Выходит, что тем самым он нарушает евангельскую заповедь, переиначивает ее, оставляя только «возлюби ближнего своего», что само по себе невыполнимо без второй ее части, а посему она невыполнима в целом.
В дневнике 1873 года Достоевский пишет: «У русского народа даже в счастье непременно есть часть страдания, иначе счастье его для него неполно. Никогда, даже в самые торжественные минуты его истории, не имеет он гордого и торжествующего вида, а лишь умиленный до страдания вид; он воздыхает и относит славу свою к милости Господа. Страданием своим русский народ как бы наслаждается. Что в целом народе, то и в отдельных типах, говоря, впрочем, лишь вообще. Вглядитесь, например, в многочисленные типы русского безобразника. Тут не один лишь разгул через край, иногда удивляющий дерзостью своих пределов и мерзостью падения души человеческой. Безобразник этот прежде всего сам страдалец… Самый крупный безобразник, самый даже красивый своею дерзостью и изящными пороками, так что ему даже подражают глупцы, все-таки слышит каким-то чутьем, в тайниках безобразной души своей, что в конце концов он лишь негодяй и только… Если он способен восстать из своего унижения, то мстит себе за прошлое падение ужасно, даже больнее, чем вымещал на других в чаду безобразия свои тайные муки от собственного недовольства собою».
И вот как тут не вспомнить описанную в одной из глав этой книги воображаемую встречу Битова с Федором Михайловичем (с человеком на него похожим) в сквере, что расположен рядом с Зимним стадионом, январскими или февральскими сумерками, когда холодало нешуточно!

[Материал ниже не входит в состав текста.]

(* Let $K\ge2$, $\eta>0$, and let $\mathbf r\in\mathbb R^K$ be a mean reward vector with no ties, i.e. $r(a)\ne r(a')$ whenever $a\ne a'$; let $a^*=\arg\max_a r(a)$. For $\boldsymbol\theta\in\mathbb R^K$ let $\pi_{\boldsymbol\theta}$ be the softmax policy $\pi_{\boldsymbol\theta}(a)=e^{\theta(a)}/\sum_b e^{\theta(b)}$ and $\Phi_\eta(\boldsymbol\theta)=\pi_{\boldsymbol\theta}^\top\mathbf r+\frac1\eta\sum_a\log\pi_{\boldsymbol\theta}(a)$. Then for all $\boldsymbol\theta\in\mathbb R^K$, $$\|\nabla_{\boldsymbol\theta}\Phi_\eta(\boldsymbol\theta)\|_2\ge\Big(\pi_{\boldsymbol\theta}(a^* )\big(r(a^* )-\pi_{\boldsymbol\theta}^\top\mathbf r\big)-\frac K\eta\Big)^+ ,$$ where $(x)^+=\max\{0,x\}$.
   Context: Setting: $K$-armed bandit with mean rewards $\mathbf r$; $\Phi_\eta$ is the log-barrier regularized objective. *)

theory Defs
  imports "HOL-Analysis.Analysis"
begin

definition softmax :: "real^'n \<Rightarrow> 'n \<Rightarrow> real" where
  "softmax \<theta> a = exp (\<theta> $ a) / (\<Sum>b\<in>UNIV. exp (\<theta> $ b))"

definition exp_reward :: "real^'n \<Rightarrow> real^'n \<Rightarrow> real" where
  "exp_reward r \<theta> = (\<Sum>a\<in>UNIV. softmax \<theta> a * r $ a)"

definition Phi :: "real \<Rightarrow> real^'n \<Rightarrow> real^'n \<Rightarrow> real" where
  "Phi \<eta> r \<theta> = exp_reward r \<theta> + (1 / \<eta>) * (\<Sum>a\<in>UNIV. ln (softmax \<theta> a))"

end

theory Submission
  imports Defs
begin

text \<open>
  Writing \<open>\<pi>\<close> for the softmax policy, the gradient of \<open>\<Phi>\<^sub>\<eta>\<close> has coordinates
  \<open>\<pi>(a) (r(a) - \<pi>\<^sup>T r) + (1 - K \<pi>(a)) / \<eta>\<close>. The Euclidean norm dominates the absolute
  value of the coordinate at \<open>a\<^sup>*\<close>, and \<open>1 - K \<pi>(a\<^sup>*) \<ge> -K\<close> because \<open>\<pi>(a\<^sup>*) \<le> 1\<close>.
\<close>

definition log_sum_exp :: "real^'n \<Rightarrow> real" where
  "log_sum_exp \<theta> = ln (\<Sum>b\<in>UNIV. exp (\<theta> $ b))"

definition Phi_gradient :: "real \<Rightarrow> real^'n \<Rightarrow> real^'n \<Rightarrow> real^'n" where
  "Phi_gradient \<eta> r \<theta> =
     (\<chi> a. softmax \<theta> a * (r $ a - exp_reward r \<theta>) + (1 - real CARD('n) * softmax \<theta> a) / \<eta>)"

lemma sum_exp_pos: "(\<Sum>b\<in>UNIV. exp (\<theta> $ b)) > (0::real)"
  by (rule sum_pos) auto

lemma softmax_pos: "softmax \<theta> a > 0"
  unfolding softmax_def by (intro divide_pos_pos exp_gt_zero sum_exp_pos)

lemma softmax_le_one: "softmax \<theta> a \<le> 1"
proof -
  have "exp (\<theta> $ a) \<le> (\<Sum>b\<in>UNIV. exp (\<theta> $ b))"
    by (rule member_le_sum) auto
  then show ?thesis
    using sum_exp_pos[of \<theta>] by (simp add: softmax_def)
qed

lemma ln_softmax: "ln (softmax \<theta> a) = \<theta> $ a - log_sum_exp \<theta>"
  using sum_exp_pos[of \<theta>] by (simp add: softmax_def log_sum_exp_def ln_div)

lemma softmax_eq_exp: "softmax \<theta> a = exp (\<theta> $ a - log_sum_exp \<theta>)"
  using softmax_pos[of \<theta> a] by (simp flip: ln_softmax)

lemma sum_centered_product_swap:
  fixes p h r :: "'a \<Rightarrow> real"
  shows "(\<Sum>a\<in>A. p a * (h a - (\<Sum>b\<in>A. p b * h b)) * r a)
       = (\<Sum>a\<in>A. p a * (r a - (\<Sum>b\<in>A. p b * r b)) * h a)"
proof -
  have centered: "(\<Sum>a\<in>A. p a * (f a - c) * g a) = (\<Sum>a\<in>A. p a * f a * g a) - c * (\<Sum>a\<in>A. p a * g a)"
    for f g :: "'a \<Rightarrow> real" and c
    by (simp add: algebra_simps sum_subtractf sum_distrib_left)
  show ?thesis
    unfolding centered by (simp add: algebra_simps)
qed

lemma has_derivative_vec_nth: "((\<lambda>t. t $ a) has_derivative (\<lambda>h. h $ a)) F"
  by (rule bounded_linear.has_derivative[OF bounded_linear_vec_nth]) simp

lemma has_derivative_log_sum_exp:
  fixes \<theta> :: "real^'n"
  shows "(log_sum_exp has_derivative (\<lambda>h. \<Sum>b\<in>UNIV. softmax \<theta> b * h $ b)) (at \<theta>)"
proof -
  have sum_exp: "((\<lambda>t. \<Sum>b\<in>UNIV. exp (t $ b)) has_derivative
      (\<lambda>h. \<Sum>b\<in>UNIV. h $ b * exp (\<theta> $ b))) (at \<theta>)"
    by (intro has_derivative_sum has_derivative_exp has_derivative_vec_nth)
  have "(log_sum_exp has_derivative
      (\<lambda>h. (\<Sum>b\<in>UNIV. h $ b * exp (\<theta> $ b)) * inverse (\<Sum>b\<in>UNIV. exp (\<theta> $ b)))) (at \<theta>)"
    unfolding log_sum_exp_def by (rule has_derivative_ln[OF sum_exp_pos sum_exp])
  then show ?thesis
    by (simp add: softmax_def sum_divide_distrib field_simps)
qed

lemma has_derivative_softmax:
  fixes \<theta> :: "real^'n"
  shows "((\<lambda>t. softmax t a) has_derivative
     (\<lambda>h. softmax \<theta> a * (h $ a - (\<Sum>b\<in>UNIV. softmax \<theta> b * h $ b)))) (at \<theta>)"
proof -
  have "((\<lambda>t. exp (t $ a - log_sum_exp t)) has_derivative
      (\<lambda>h. (h $ a - (\<Sum>b\<in>UNIV. softmax \<theta> b * h $ b)) * exp (\<theta> $ a - log_sum_exp \<theta>))) (at \<theta>)"
    by (intro has_derivative_exp has_derivative_diff has_derivative_vec_nth has_derivative_log_sum_exp)
  then show ?thesis
    by (simp only: softmax_eq_exp[of _ a] mult.commute)
qed

lemma has_derivative_exp_reward:
  fixes \<theta> :: "real^'n"
  shows "(exp_reward r has_derivative
     (\<lambda>h. \<Sum>a\<in>UNIV. softmax \<theta> a * (r $ a - exp_reward r \<theta>) * h $ a)) (at \<theta>)"
proof -
  have "(exp_reward r has_derivative
      (\<lambda>h. \<Sum>a\<in>UNIV. softmax \<theta> a * (h $ a - (\<Sum>b\<in>UNIV. softmax \<theta> b * h $ b)) * r $ a)) (at \<theta>)"
    unfolding exp_reward_def[abs_def]
    by (intro has_derivative_sum has_derivative_mult_left has_derivative_softmax)
  then show ?thesis
    unfolding exp_reward_def[of r \<theta>] by (subst (asm) sum_centered_product_swap)
qed

lemma Phi_eq_log_sum_exp:
  fixes \<theta> :: "real^'n"
  shows "Phi \<eta> r \<theta> = exp_reward r \<theta> + (1 / \<eta>) * ((\<Sum>a\<in>UNIV. \<theta> $ a) - real CARD('n) * log_sum_exp \<theta>)"
  by (simp add: Phi_def ln_softmax sum_subtractf)

lemma inner_Phi_gradient:
  fixes \<theta> :: "real^'n"
  shows "Phi_gradient \<eta> r \<theta> \<bullet> h
      = (\<Sum>a\<in>UNIV. softmax \<theta> a * (r $ a - exp_reward r \<theta>) * h $ a)
        + (1 / \<eta>) * ((\<Sum>a\<in>UNIV. h $ a) - real CARD('n) * (\<Sum>b\<in>UNIV. softmax \<theta> b * h $ b))"
proof -
  have "Phi_gradient \<eta> r \<theta> \<bullet> h = (\<Sum>a\<in>UNIV. softmax \<theta> a * (r $ a - exp_reward r \<theta>) * h $ a
      + (h $ a - real CARD('n) * (softmax \<theta> a * h $ a)) / \<eta>)"
    unfolding Phi_gradient_def inner_vec_def
    by (intro sum.cong) (simp_all add: algebra_simps diff_divide_distrib)
  also have "\<dots> = (\<Sum>a\<in>UNIV. softmax \<theta> a * (r $ a - exp_reward r \<theta>) * h $ a)
      + (1 / \<eta>) * ((\<Sum>a\<in>UNIV. h $ a) - real CARD('n) * (\<Sum>b\<in>UNIV. softmax \<theta> b * h $ b))"
    by (simp only: sum.distrib flip: sum_divide_distrib) (simp add: sum_subtractf sum_distrib_left)
  finally show ?thesis .
qed

lemma gderiv_Phi:
  fixes \<theta> :: "real^'n"
  shows "GDERIV (Phi \<eta> r) \<theta> :> Phi_gradient \<eta> r \<theta>"
  unfolding gderiv_def inner_commute[of _ "Phi_gradient \<eta> r \<theta>"] inner_Phi_gradient
    Phi_eq_log_sum_exp[abs_def]
  by (intro has_derivative_add has_derivative_mult_right has_derivative_diff has_derivative_sum
      has_derivative_exp_reward has_derivative_log_sum_exp has_derivative_vec_nth)

lemma Phi_gradient_component_ge:
  fixes \<theta> :: "real^'n"
  assumes "\<eta> > 0"
  shows "Phi_gradient \<eta> r \<theta> $ a \<ge> softmax \<theta> a * (r $ a - exp_reward r \<theta>) - real CARD('n) / \<eta>"
proof -
  have "real CARD('n) * softmax \<theta> a \<le> real CARD('n)"
    by (rule mult_left_le[OF softmax_le_one]) simp
  then have "1 - real CARD('n) * softmax \<theta> a \<ge> - real CARD('n)"
    by linarith
  then have "(1 - real CARD('n) * softmax \<theta> a) / \<eta> \<ge> - real CARD('n) / \<eta>"
    using divide_right_mono[OF _ less_imp_le[OF assms]] by fastforce
  then show ?thesis
    by (simp add: Phi_gradient_def)
qed

text \<open>The bound holds at every action.\<close>

theorem lemma4p2:
  fixes r :: "real^'n" and \<eta> :: real and astar :: 'n
  assumes "CARD('n) \<ge> 2"
    and "\<eta> > 0"
    and "\<And>a a'. a \<noteq> a' \<Longrightarrow> r $ a \<noteq> r $ a'"
    and "\<And>a. r $ a \<le> r $ astar"
  shows "\<forall>\<theta>::real^'n. \<exists>D. (GDERIV (Phi \<eta> r) \<theta> :> D) \<and>
           norm D \<ge> max 0 (softmax \<theta> astar * (r $ astar - exp_reward r \<theta>)
                            - real CARD('n) / \<eta>)"
proof
  fix \<theta> :: "real^'n"
  have "softmax \<theta> astar * (r $ astar - exp_reward r \<theta>) - real CARD('n) / \<eta>
      \<le> Phi_gradient \<eta> r \<theta> $ astar"
    using \<open>\<eta> > 0\<close> by (rule Phi_gradient_component_ge)
  also have "\<dots> \<le> norm (Phi_gradient \<eta> r \<theta>)"
    using component_le_norm_cart abs_le_D1 by blast
  finally have "norm (Phi_gradient \<eta> r \<theta>)
      \<ge> max 0 (softmax \<theta> astar * (r $ astar - exp_reward r \<theta>) - real CARD('n) / \<eta>)"
    by simp
  with gderiv_Phi show "\<exists>D. (GDERIV (Phi \<eta> r) \<theta> :> D) \<and>
      norm D \<ge> max 0 (softmax \<theta> astar * (r $ astar - exp_reward r \<theta>) - real CARD('n) / \<eta>)"
    by blast
qed

end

Тогда после разговора Битов направился в сторону Троицкого моста, как мы помним, а Достоевский, разумеется, в сторону Садовой. Шел он, сгорбившись, сопротивляясь ледяному невскому ветру, борода его при этом трепетала, придерживал шляпу руками, чтобы не улетела, уходил все дальше и дальше, пока совсем не исчез из виду.

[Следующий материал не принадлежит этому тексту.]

text \<open>Schwarz's theorem: the second difference is symmetric in \<open>u\<close> and \<open>v\<close>, and by
  continuity of the Hessian the mean values on both sides converge to the value at \<open>b\<close>.\<close>
lemma hessian_inner_commute:
  assumes cont: "isCont H b"
  shows "(H b *v v) \<bullet> u = (H b *v u) \<bullet> v"
proof -
  define \<psi> where "\<psi> z v u = (H z *v v) \<bullet> u" for z v u
  have \<psi>_cont: "isCont (\<lambda>z. \<psi> z v u) b" for v u
    unfolding \<psi>_def by (intro continuous_intros cont)
  have approx: "\<bar>\<psi> b v u - \<psi> b u v\<bar> \<le> 2 * e" if "e > 0" for e
  proof -
    obtain d1 where d1: "d1 > 0" "\<And>z. dist z b < d1 \<Longrightarrow> dist (\<psi> z v u) (\<psi> b v u) < e"
      using \<psi>_cont[of v u] \<open>e > 0\<close> unfolding continuous_at_eps_delta by blast
    obtain d2 where d2: "d2 > 0" "\<And>z. dist z b < d2 \<Longrightarrow> dist (\<psi> z u v) (\<psi> b u v) < e"
      using \<psi>_cont[of u v] \<open>e > 0\<close> unfolding continuous_at_eps_delta by blast
    obtain s where s: "s > 0" "s * (norm u + norm v) < min d1 d2"
      using exists_small_multiple[of "min d1 d2" "norm u + norm v"] d1(1) d2(1) by auto
    have near: "dist z b < d1" "dist z b < d2" if "norm (z - b) \<le> s * (norm u + norm v)" for z
      using that s(2) by (simp_all add: dist_norm)
    obtain z1 where z1: "norm (z1 - b) \<le> s * (norm u + norm v)"
      "h ((b + s *\<^sub>R u) + s *\<^sub>R v) - h (b + s *\<^sub>R u) - h (b + s *\<^sub>R v) + h b = s\<^sup>2 * \<psi> z1 v u"
      using second_difference_mean_value[OF s(1), of b u v] unfolding \<psi>_def by blast
    obtain z2 where z2: "norm (z2 - b) \<le> s * (norm u + norm v)"
      "h ((b + s *\<^sub>R v) + s *\<^sub>R u) - h (b + s *\<^sub>R v) - h (b + s *\<^sub>R u) + h b = s\<^sup>2 * \<psi> z2 u v"
      using second_difference_mean_value[OF s(1), of b v u] unfolding \<psi>_def by (auto simp: add.commute)
    have swap: "(b + s *\<^sub>R u) + s *\<^sub>R v = (b + s *\<^sub>R v) + s *\<^sub>R u" by (simp add: algebra_simps)
    have "s\<^sup>2 * \<psi> z1 v u = s\<^sup>2 * \<psi> z2 u v" using z1(2) z2(2) unfolding swap by linarith
    then have "\<psi> z1 v u = \<psi> z2 u v" using s(1) by simp
    moreover have "\<bar>\<psi> z1 v u - \<psi> b v u\<bar> < e" "\<bar>\<psi> z2 u v - \<psi> b u v\<bar> < e"
      using d1(2)[OF near(1)[OF z1(1)]] d2(2)[OF near(2)[OF z2(1)]] by (simp_all add: dist_real_def)
    ultimately show ?thesis unfolding abs_le_iff abs_less_iff by linarith
  qed
  have "\<bar>\<psi> b v u - \<psi> b u v\<bar> \<le> 0"
  proof (rule field_le_epsilon)
    fix e :: real assume "0 < e"
    then show "\<bar>\<psi> b v u - \<psi> b u v\<bar> \<le> 0 + e" using approx[of "e / 2"] by simp
  qed
  then show ?thesis unfolding \<psi>_def by simp
qed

Достоевский никогда не совершал побег, даже не замысливал его – он совершил уход. Уходил, посматривал назад и говорил устами Льва Николаевича Мышкина (или Лев Николаевич устами Федора Михайловича): «Что, если бы не умирать! Что, если бы воротить жизнь, – какая бесконечность! И всё это было бы мое! Я бы тогда каждую минуту в целый век обратил, ничего бы не потерял, каждую бы минуту счетом отсчитывал, уж ничего бы даром не истратил!».

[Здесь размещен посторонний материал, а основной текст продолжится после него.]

definition lin_indep4 :: "'a::field^'n \<Rightarrow> 'a^'n \<Rightarrow> 'a^'n \<Rightarrow> 'a^'n \<Rightarrow> bool" where
  "lin_indep4 u v w z \<longleftrightarrow>
    (\<forall>a b c d. a *s u + b *s v + c *s w + d *s z = 0 \<longrightarrow> a = 0 \<and> b = 0 \<and> c = 0 \<and> d = 0)"

lemma lin_indep2_sym: "lin_indep2 u v \<Longrightarrow> lin_indep2 v u"
  unfolding lin_indep2_def by (metis add.commute)

lemma lin_indep2_nonzero:
  assumes "lin_indep2 u v"
  shows "u \<noteq> 0" "v \<noteq> 0" "u + v \<noteq> 0"
  using assms[unfolded lin_indep2_def, rule_format, of 1 0]
    assms[unfolded lin_indep2_def, rule_format, of 0 1]
    assms[unfolded lin_indep2_def, rule_format, of 1 1] by auto

lemma lin_indep3_imp_lin_indep2:
  assumes "lin_indep3 u v w"
  shows "lin_indep2 u v" "lin_indep2 u w" "lin_indep2 v w"
  using assms unfolding lin_indep3_def lin_indep2_def
  by (metis add.right_neutral add.left_neutral vector_smult_lzero)+

lemma lin_indep2_independent:
  assumes "lin_indep2 u v"
  shows "vec.independent {u, v}" and "card {u, v} = 2"
proof -
  have "u \<noteq> v" using assms[unfolded lin_indep2_def, rule_format, of 1 "-1"] by auto
  then show "card {u, v} = 2" by simp
  show "vec.independent {u, v}"
    unfolding vec.independent_explicit
  proof (intro conjI allI impI)
    fix f assume "(\<Sum>w\<in>{u, v}. f w *s w) = 0"
    then have "f u *s u + f v *s v = 0" using \<open>u \<noteq> v\<close> by simp
    then show "\<forall>w\<in>{u, v}. f w = 0" using assms unfolding lin_indep2_def by blast
  qed simp
qed

lemma lin_indep4_independent:
  assumes "lin_indep4 u v w z"
  shows "vec.independent {u, v, w, z}" and "card {u, v, w, z} = 4"
proof -
  note ind = assms[unfolded lin_indep4_def, rule_format]
  have distinct: "u \<noteq> v" "u \<noteq> w" "u \<noteq> z" "v \<noteq> w" "v \<noteq> z" "w \<noteq> z"
    using ind[of 1 "-1" 0 0] ind[of 1 0 "-1" 0] ind[of 1 0 0 "-1"]
      ind[of 0 1 "-1" 0] ind[of 0 1 0 "-1"] ind[of 0 0 1 "-1"] by auto
  then show "card {u, v, w, z} = 4" by simp
  show "vec.independent {u, v, w, z}"
    unfolding vec.independent_explicit
  proof (intro conjI allI impI)
    fix f assume "(\<Sum>t\<in>{u, v, w, z}. f t *s t) = 0"
    then have "f u *s u + f v *s v + f w *s w + f z *s z = 0"
      using distinct by (simp add: add.assoc)
    then show "\<forall>t\<in>{u, v, w, z}. f t = 0" using ind by blast
  qed simp
qed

А вот Лев Николаевич Толстой по-другому рассуждал: «Если жизнь есть сон, а смерть – пробуждение, то тогда то, что я вижу себя отдельным от всего существом, есть сновидение».
Это Битову, конечно, было ближе, это, как он говорил, «был уже мой Толстой».
То есть речь могла идти об уходе, о побеге (не путать с бегством) ли не буквальном, но мистическом, об освобождении от своего двойника во сне, о вхождении в лимб, длящийся сколь угодно долго.
Здесь, в лимбе, царит абсолютная тишина, которая подтверждается лишь свистящим на плите чайником, гудением неисправного домофона или щелчком затвора фотографического аппарата, установленного на штативе.
Из «Грузинского альбома» Битова: «А вот на стене фотографии, и будто я их уже видел… Очень уж любили когда-то сниматься… Задние стоят на стульях, а самые передние уже лежат на полу, опершись друг о друга головами. Беспечные, однополчане и земские, выпускники и присяжные, будто пытаются остановить время, которое проходит. Знали бы, что совсем уйдет, знали бы, как кстати успели сфотографироваться… Как много было мужчин когда-то…
Куда подевались эти лица? Никто никогда больше не взглянет настолько в аппарат, так прямо, всему радуясь, ничего не стесняясь».
И вправду, куда подевались эти лица?
В 2008 году вышел последний роман Андрея Битова, роман-эхо «Преподаватель симметрии» (см. главу «Кадр Битова 2»).
На тот момент автор был уже слишком далеко, чтобы представать перед читателем под своим настоящим именем, до него (до читателя) теперь доносилось лишь эхо в виде «вольного перевода с иностранного».
«Я – вот. Меня – нет» – именно в это время запишет он в своем дневнике.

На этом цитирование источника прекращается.